What is required: Go through the listing and copy each line with the string "rule".

Records for the task:

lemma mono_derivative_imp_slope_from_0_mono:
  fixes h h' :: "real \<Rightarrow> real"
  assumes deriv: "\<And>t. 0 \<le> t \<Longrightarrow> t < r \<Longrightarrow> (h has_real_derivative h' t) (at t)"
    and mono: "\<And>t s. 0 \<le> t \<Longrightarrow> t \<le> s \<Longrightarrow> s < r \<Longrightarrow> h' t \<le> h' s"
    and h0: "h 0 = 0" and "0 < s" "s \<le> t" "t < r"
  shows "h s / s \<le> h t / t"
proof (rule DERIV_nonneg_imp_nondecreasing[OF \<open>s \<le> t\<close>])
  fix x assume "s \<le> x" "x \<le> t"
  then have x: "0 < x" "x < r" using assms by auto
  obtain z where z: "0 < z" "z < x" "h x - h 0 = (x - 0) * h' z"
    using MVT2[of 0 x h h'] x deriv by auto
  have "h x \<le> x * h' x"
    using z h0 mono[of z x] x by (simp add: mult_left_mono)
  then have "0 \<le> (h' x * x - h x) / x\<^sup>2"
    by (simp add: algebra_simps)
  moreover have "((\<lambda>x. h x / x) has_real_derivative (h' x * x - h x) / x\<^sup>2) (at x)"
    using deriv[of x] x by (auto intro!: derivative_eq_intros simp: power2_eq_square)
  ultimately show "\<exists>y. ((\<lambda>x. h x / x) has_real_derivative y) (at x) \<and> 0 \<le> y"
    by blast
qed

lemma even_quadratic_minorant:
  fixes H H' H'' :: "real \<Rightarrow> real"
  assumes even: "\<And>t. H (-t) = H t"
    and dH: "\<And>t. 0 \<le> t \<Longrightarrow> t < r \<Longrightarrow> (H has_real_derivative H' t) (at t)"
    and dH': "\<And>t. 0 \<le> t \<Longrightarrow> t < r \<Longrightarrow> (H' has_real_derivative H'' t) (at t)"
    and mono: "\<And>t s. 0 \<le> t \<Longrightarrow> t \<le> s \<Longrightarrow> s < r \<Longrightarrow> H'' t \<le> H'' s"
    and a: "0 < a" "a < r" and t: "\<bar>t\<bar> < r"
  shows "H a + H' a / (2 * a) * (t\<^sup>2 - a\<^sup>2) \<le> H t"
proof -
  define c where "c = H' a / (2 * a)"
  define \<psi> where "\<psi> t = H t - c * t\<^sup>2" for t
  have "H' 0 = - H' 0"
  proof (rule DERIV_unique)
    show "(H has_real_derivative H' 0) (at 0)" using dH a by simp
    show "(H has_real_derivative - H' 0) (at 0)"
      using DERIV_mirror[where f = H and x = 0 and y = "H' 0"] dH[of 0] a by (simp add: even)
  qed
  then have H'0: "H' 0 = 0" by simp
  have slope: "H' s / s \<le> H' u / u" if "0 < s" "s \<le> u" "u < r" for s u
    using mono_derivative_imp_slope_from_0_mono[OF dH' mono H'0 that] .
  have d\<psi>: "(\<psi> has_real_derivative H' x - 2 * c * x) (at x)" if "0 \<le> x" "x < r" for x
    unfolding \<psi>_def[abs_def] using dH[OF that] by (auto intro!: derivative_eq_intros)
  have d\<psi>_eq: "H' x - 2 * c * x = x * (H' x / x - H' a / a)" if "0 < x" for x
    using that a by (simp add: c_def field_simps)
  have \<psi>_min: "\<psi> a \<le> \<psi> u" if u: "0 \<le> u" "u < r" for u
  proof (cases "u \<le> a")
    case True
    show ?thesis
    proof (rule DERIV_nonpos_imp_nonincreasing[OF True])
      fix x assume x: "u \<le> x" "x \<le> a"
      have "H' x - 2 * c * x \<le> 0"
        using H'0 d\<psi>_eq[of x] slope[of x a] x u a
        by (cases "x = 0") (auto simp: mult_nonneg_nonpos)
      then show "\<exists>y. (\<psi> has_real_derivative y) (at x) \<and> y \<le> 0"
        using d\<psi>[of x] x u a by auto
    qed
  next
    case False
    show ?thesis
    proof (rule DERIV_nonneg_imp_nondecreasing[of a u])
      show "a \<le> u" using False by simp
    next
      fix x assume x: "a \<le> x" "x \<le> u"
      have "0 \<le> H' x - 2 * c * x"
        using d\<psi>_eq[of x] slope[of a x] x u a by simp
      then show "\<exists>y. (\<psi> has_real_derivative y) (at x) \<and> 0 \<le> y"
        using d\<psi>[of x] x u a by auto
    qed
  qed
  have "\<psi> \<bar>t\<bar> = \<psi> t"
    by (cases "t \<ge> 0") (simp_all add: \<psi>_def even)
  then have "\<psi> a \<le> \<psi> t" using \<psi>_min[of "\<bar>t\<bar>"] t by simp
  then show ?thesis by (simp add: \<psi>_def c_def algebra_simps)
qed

Completed exercise:
proof (rule DERIV_nonneg_imp_nondecreasing[OF \<open>s \<le> t\<close>])
  proof (rule DERIV_unique)
    proof (rule DERIV_nonpos_imp_nonincreasing[OF True])
    proof (rule DERIV_nonneg_imp_nondecreasing[of a u])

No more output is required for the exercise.